> _What the exercise asks_: Write out every line below that includes the word "assumes".

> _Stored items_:
-------
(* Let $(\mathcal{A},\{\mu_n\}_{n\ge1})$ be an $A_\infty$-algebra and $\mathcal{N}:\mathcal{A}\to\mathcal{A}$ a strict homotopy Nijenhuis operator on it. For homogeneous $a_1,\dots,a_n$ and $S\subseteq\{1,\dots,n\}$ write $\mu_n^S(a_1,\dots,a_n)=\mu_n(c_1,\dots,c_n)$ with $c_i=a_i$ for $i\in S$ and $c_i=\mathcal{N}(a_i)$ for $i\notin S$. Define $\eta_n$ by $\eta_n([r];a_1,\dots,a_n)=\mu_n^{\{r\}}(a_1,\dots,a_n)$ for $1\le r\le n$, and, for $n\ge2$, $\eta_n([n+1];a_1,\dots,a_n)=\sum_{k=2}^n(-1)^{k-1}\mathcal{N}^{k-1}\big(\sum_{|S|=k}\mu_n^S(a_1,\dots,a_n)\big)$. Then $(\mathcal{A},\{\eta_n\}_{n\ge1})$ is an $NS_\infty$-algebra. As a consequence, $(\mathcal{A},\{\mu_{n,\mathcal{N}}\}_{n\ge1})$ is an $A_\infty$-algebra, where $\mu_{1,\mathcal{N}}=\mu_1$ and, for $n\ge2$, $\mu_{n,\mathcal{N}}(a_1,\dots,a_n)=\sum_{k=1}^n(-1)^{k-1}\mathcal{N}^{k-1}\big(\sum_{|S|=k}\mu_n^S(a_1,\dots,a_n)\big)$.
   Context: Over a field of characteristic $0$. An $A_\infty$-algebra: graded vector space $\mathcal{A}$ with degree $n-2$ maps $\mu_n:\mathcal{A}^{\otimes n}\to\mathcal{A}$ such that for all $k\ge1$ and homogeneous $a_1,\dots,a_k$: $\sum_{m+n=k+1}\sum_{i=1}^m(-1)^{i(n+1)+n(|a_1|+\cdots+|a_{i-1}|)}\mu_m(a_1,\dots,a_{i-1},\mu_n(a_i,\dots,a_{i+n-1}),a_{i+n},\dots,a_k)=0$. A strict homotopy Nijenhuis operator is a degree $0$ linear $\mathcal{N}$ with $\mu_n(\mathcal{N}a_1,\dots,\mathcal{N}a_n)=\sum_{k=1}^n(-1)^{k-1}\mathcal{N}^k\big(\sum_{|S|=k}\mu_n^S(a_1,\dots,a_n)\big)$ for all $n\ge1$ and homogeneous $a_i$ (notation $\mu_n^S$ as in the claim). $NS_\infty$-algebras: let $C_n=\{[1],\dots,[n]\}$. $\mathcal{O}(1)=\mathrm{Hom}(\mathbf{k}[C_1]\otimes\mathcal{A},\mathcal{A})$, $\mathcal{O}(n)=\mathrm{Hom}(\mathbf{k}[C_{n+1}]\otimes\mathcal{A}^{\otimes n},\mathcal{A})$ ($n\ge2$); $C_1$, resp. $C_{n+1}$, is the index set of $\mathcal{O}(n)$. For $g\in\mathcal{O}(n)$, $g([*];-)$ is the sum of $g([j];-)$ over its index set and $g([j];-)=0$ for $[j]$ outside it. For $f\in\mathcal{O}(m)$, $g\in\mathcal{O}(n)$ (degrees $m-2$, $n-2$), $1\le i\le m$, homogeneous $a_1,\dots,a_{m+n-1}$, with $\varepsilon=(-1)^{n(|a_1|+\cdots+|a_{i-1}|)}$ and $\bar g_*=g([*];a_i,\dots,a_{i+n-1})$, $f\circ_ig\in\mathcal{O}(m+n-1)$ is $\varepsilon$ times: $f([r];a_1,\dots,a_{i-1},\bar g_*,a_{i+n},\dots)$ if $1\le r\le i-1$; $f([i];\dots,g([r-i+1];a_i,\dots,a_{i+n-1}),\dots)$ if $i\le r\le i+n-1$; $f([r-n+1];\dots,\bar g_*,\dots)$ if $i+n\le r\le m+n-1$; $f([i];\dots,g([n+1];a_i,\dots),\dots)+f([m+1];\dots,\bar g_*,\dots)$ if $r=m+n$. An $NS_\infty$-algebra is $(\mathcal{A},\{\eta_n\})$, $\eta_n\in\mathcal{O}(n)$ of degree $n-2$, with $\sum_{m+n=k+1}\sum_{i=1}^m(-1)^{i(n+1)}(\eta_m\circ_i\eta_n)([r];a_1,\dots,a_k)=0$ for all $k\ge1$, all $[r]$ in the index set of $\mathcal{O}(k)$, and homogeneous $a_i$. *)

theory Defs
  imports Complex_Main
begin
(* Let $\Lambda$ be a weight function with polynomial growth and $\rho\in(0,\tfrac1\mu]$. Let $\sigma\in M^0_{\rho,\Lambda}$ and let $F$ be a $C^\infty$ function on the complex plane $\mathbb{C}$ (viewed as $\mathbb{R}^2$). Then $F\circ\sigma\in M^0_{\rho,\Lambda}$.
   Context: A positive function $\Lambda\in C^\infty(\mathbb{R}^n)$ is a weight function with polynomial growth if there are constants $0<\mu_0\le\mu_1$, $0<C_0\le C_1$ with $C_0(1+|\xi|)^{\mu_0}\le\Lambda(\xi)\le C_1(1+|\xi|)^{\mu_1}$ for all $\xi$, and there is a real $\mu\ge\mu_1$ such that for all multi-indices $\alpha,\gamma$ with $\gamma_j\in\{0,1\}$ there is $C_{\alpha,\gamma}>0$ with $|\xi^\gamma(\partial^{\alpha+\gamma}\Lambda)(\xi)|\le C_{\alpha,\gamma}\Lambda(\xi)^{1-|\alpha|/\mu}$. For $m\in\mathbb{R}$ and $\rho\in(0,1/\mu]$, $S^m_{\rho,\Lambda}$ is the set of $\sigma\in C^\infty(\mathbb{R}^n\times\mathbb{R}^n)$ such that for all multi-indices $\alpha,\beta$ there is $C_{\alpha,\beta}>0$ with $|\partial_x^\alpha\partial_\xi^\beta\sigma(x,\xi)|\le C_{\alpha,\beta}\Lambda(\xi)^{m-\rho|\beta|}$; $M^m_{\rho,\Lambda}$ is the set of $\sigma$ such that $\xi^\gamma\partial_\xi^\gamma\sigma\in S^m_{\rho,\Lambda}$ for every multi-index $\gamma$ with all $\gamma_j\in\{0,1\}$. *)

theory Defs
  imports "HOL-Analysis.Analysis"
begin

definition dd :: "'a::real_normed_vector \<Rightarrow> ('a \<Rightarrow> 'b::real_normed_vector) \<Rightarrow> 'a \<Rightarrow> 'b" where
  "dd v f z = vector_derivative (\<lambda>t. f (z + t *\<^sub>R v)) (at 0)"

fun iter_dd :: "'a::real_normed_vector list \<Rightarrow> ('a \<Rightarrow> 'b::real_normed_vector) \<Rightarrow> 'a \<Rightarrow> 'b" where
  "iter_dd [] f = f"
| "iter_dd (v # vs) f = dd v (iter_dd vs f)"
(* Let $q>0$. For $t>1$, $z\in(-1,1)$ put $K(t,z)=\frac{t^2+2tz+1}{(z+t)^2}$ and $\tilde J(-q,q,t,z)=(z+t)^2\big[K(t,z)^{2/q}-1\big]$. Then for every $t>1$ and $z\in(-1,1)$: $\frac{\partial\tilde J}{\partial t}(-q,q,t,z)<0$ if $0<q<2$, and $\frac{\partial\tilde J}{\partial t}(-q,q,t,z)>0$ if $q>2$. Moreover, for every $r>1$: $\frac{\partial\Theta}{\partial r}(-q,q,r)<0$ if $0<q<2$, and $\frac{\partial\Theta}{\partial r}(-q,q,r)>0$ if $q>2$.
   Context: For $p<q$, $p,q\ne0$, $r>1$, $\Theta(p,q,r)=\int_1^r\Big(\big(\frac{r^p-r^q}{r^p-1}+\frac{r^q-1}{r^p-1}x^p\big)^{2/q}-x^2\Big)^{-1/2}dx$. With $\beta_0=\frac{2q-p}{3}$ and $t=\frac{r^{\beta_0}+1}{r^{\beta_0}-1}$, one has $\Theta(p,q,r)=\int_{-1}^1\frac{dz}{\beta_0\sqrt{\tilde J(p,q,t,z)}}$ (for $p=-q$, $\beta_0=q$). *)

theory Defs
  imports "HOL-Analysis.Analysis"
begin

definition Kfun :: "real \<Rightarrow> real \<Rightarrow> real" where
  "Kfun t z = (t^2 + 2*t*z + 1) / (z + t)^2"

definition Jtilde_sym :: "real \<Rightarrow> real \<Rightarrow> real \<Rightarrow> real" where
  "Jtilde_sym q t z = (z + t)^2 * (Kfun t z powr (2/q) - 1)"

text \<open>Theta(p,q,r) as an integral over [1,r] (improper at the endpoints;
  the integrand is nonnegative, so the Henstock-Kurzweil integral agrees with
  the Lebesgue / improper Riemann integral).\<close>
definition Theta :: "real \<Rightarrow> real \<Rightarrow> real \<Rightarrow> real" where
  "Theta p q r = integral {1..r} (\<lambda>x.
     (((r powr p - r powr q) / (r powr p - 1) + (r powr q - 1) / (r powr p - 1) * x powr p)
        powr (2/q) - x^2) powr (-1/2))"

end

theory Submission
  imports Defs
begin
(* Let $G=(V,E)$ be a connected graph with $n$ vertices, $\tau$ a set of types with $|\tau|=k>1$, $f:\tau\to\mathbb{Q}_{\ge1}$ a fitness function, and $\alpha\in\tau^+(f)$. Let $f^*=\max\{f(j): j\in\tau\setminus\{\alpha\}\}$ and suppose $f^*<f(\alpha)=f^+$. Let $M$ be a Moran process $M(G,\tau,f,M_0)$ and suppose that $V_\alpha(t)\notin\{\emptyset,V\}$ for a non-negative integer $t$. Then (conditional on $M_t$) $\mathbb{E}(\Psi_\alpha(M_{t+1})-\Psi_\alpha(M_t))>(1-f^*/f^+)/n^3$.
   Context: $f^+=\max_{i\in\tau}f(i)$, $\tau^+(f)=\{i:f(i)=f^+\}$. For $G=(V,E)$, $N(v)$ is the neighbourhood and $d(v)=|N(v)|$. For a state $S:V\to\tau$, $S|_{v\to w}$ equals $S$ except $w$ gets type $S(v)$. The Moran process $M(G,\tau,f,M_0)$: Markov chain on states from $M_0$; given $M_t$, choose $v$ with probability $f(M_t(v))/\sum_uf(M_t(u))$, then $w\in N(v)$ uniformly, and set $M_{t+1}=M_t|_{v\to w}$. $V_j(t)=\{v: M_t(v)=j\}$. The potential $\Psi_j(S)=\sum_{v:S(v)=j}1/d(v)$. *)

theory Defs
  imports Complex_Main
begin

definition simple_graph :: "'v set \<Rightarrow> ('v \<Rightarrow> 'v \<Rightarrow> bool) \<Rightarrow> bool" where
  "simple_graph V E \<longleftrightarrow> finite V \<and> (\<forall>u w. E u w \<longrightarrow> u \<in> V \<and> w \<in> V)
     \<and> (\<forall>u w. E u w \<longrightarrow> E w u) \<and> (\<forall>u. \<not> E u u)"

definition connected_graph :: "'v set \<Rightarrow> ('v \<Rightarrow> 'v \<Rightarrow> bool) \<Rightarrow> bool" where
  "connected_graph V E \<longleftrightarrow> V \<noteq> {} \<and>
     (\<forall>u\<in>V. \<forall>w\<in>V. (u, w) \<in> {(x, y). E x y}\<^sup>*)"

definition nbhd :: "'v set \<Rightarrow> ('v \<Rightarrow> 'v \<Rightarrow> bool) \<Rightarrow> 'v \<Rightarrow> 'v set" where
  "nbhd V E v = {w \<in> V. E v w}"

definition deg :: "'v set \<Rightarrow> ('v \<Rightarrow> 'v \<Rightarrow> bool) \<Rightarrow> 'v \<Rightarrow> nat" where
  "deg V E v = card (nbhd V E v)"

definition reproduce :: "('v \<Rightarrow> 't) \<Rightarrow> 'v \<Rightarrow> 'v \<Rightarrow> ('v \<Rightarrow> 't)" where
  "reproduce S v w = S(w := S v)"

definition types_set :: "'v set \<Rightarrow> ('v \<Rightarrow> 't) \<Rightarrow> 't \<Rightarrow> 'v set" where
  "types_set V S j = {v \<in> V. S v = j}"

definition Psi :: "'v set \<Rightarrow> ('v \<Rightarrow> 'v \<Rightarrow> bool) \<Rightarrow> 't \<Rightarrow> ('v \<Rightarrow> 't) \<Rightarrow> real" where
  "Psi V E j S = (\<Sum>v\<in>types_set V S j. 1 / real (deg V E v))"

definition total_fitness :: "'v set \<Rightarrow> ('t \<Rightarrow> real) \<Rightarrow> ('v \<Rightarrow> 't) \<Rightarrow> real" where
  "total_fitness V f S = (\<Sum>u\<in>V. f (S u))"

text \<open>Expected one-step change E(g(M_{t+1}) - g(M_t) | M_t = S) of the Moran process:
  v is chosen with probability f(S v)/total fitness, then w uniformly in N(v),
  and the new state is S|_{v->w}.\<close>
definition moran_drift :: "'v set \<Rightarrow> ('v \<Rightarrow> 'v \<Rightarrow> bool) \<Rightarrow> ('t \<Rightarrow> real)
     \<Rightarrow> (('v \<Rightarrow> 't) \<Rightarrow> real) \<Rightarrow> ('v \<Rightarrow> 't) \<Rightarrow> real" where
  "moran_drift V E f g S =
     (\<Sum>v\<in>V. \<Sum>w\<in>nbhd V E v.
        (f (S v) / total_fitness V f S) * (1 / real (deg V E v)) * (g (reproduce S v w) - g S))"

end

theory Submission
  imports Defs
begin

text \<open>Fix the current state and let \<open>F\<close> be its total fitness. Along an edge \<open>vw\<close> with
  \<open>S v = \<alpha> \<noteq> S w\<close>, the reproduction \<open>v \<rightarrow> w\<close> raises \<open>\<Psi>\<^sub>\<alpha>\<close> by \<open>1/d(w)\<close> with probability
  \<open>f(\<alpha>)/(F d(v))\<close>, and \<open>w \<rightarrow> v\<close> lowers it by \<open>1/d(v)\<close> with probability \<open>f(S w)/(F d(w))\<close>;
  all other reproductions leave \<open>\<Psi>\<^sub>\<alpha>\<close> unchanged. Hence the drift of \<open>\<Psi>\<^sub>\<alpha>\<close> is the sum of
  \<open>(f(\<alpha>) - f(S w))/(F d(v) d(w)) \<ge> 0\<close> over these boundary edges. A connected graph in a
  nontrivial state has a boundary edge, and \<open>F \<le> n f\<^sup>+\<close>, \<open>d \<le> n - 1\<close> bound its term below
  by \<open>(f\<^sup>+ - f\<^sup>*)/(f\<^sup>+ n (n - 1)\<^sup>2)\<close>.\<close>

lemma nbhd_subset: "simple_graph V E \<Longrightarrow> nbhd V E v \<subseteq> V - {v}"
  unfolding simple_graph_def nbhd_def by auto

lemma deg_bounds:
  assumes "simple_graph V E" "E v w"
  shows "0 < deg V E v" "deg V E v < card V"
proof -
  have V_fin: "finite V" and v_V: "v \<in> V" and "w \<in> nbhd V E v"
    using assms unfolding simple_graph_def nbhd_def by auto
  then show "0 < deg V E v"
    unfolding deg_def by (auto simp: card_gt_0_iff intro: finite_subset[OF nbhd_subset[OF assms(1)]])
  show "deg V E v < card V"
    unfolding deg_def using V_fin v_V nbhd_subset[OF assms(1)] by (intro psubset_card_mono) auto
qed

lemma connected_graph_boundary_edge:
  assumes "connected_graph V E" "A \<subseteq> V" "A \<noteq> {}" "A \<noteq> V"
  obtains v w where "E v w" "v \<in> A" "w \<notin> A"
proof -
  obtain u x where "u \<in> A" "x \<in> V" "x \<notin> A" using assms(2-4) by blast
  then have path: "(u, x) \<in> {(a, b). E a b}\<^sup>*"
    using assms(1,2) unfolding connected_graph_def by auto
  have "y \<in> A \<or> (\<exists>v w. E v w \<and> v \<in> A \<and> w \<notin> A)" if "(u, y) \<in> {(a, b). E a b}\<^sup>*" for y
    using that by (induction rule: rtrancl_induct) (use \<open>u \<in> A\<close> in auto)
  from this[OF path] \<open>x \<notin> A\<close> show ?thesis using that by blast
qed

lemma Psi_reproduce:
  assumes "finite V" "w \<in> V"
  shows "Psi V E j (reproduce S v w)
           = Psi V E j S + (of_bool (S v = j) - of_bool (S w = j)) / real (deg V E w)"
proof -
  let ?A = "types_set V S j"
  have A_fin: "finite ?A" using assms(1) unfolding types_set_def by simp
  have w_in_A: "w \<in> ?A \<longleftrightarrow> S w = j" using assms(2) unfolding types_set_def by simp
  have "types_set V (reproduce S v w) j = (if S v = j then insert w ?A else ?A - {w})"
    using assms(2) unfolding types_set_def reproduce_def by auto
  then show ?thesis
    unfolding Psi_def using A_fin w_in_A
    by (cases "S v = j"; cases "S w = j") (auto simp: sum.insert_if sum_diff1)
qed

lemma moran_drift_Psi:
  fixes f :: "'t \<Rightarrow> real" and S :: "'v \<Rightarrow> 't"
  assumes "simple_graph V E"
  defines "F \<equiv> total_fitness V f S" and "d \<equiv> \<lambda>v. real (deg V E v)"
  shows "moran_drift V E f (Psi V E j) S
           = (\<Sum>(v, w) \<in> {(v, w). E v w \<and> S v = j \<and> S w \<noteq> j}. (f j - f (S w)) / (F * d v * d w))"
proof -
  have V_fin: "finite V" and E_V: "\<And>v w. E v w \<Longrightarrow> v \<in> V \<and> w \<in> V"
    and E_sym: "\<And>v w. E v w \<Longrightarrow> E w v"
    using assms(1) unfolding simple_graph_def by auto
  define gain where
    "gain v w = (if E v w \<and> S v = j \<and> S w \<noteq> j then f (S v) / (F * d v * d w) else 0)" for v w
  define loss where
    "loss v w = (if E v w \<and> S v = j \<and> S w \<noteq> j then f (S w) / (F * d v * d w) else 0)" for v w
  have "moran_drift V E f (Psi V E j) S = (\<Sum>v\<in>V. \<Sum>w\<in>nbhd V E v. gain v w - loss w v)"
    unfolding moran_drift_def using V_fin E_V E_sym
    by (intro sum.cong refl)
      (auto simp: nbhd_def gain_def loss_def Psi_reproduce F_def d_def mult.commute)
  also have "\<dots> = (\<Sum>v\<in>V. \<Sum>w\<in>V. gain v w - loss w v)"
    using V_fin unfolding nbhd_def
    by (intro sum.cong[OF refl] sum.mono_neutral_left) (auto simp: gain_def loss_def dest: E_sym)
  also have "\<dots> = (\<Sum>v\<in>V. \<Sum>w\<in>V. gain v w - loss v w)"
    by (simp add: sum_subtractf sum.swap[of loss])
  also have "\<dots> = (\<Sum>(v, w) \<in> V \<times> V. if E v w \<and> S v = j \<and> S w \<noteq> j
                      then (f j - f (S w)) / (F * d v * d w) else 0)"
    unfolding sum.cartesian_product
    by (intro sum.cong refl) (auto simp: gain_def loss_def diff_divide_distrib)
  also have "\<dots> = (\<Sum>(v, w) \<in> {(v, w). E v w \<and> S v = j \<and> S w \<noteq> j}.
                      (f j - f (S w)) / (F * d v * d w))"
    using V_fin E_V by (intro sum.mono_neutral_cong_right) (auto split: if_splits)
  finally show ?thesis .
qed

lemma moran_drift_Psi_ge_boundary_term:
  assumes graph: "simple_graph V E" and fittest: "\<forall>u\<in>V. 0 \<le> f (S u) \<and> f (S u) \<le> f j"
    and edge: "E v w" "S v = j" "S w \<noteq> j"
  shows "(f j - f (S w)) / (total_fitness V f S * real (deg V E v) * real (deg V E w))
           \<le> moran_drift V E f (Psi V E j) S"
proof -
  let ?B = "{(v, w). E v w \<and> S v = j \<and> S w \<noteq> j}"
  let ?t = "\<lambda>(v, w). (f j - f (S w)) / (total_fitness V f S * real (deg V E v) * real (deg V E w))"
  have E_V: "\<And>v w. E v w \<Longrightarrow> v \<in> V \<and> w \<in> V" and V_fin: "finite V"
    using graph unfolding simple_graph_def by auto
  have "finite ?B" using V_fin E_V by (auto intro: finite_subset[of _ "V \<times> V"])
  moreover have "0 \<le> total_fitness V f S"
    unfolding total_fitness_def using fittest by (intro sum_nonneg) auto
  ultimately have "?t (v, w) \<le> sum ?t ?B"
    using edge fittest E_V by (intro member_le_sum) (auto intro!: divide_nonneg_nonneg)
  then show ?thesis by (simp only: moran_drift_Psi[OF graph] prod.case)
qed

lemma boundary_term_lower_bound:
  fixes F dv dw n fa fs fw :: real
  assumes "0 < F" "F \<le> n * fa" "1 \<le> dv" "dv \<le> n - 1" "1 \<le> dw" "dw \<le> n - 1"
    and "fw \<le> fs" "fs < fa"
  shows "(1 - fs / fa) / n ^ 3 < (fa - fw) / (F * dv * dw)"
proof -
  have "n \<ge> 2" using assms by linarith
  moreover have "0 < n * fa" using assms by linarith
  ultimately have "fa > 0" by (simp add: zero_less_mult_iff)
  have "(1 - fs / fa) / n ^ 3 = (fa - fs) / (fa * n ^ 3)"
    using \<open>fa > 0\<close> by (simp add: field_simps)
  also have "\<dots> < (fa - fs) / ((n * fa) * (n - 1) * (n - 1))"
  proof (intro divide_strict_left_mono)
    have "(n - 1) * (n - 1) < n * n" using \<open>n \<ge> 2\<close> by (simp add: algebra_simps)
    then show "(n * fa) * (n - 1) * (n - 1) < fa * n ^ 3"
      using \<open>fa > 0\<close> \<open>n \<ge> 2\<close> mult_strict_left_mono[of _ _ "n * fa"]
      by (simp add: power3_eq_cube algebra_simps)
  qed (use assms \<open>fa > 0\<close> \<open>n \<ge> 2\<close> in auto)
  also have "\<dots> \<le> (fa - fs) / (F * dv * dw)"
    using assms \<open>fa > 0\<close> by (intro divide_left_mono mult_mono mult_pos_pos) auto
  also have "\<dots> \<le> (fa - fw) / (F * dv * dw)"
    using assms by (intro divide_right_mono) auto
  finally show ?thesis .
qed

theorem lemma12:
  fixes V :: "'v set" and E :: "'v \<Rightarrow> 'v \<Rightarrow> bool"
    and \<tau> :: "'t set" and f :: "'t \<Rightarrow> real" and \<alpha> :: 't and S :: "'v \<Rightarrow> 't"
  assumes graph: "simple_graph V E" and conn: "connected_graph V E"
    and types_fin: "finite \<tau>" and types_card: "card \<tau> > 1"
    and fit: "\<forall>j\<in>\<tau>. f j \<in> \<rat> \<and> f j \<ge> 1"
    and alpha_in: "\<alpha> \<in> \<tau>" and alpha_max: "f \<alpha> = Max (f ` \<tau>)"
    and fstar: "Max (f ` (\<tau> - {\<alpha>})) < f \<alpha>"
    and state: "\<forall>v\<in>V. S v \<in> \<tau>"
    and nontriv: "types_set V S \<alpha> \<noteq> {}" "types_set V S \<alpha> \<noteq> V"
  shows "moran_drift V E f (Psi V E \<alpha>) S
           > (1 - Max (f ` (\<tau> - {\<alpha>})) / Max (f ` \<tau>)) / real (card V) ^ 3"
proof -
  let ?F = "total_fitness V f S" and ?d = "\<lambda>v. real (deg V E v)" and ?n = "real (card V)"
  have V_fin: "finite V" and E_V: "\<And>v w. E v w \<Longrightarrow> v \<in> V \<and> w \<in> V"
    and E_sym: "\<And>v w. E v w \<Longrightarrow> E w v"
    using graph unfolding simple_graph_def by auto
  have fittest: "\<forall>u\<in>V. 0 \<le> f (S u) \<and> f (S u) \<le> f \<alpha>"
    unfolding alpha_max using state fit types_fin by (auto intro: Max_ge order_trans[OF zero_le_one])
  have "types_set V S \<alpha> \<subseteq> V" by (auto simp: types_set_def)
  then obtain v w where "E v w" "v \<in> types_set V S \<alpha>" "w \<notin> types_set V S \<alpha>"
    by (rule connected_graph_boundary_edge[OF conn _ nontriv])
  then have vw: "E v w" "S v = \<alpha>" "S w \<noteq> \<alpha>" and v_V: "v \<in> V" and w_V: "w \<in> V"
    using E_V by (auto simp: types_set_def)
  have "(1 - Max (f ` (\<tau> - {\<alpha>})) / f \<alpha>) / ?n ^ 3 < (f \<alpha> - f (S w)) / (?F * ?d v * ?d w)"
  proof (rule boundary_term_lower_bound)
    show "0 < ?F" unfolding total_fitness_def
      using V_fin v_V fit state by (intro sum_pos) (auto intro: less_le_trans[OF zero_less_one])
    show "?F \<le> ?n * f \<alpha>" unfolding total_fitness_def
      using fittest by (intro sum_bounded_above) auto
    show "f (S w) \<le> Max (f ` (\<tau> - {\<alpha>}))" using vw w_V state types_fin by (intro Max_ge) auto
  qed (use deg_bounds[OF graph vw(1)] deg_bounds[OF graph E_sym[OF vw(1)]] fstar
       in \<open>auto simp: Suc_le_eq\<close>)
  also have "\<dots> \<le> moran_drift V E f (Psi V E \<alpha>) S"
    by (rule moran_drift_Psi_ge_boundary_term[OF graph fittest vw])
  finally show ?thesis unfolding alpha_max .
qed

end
-------
> _Answer to this problem_:
  assumes "simple_graph V E" "E v w"
  assumes "connected_graph V E" "A \<subseteq> V" "A \<noteq> {}" "A \<noteq> V"
  assumes "finite V" "w \<in> V"
  assumes "simple_graph V E"
  assumes graph: "simple_graph V E" and fittest: "\<forall>u\<in>V. 0 \<le> f (S u) \<and> f (S u) \<le> f j"
  assumes "0 < F" "F \<le> n * fa" "1 \<le> dv" "dv \<le> n - 1" "1 \<le> dw" "dw \<le> n - 1"
  assumes graph: "simple_graph V E" and conn: "connected_graph V E"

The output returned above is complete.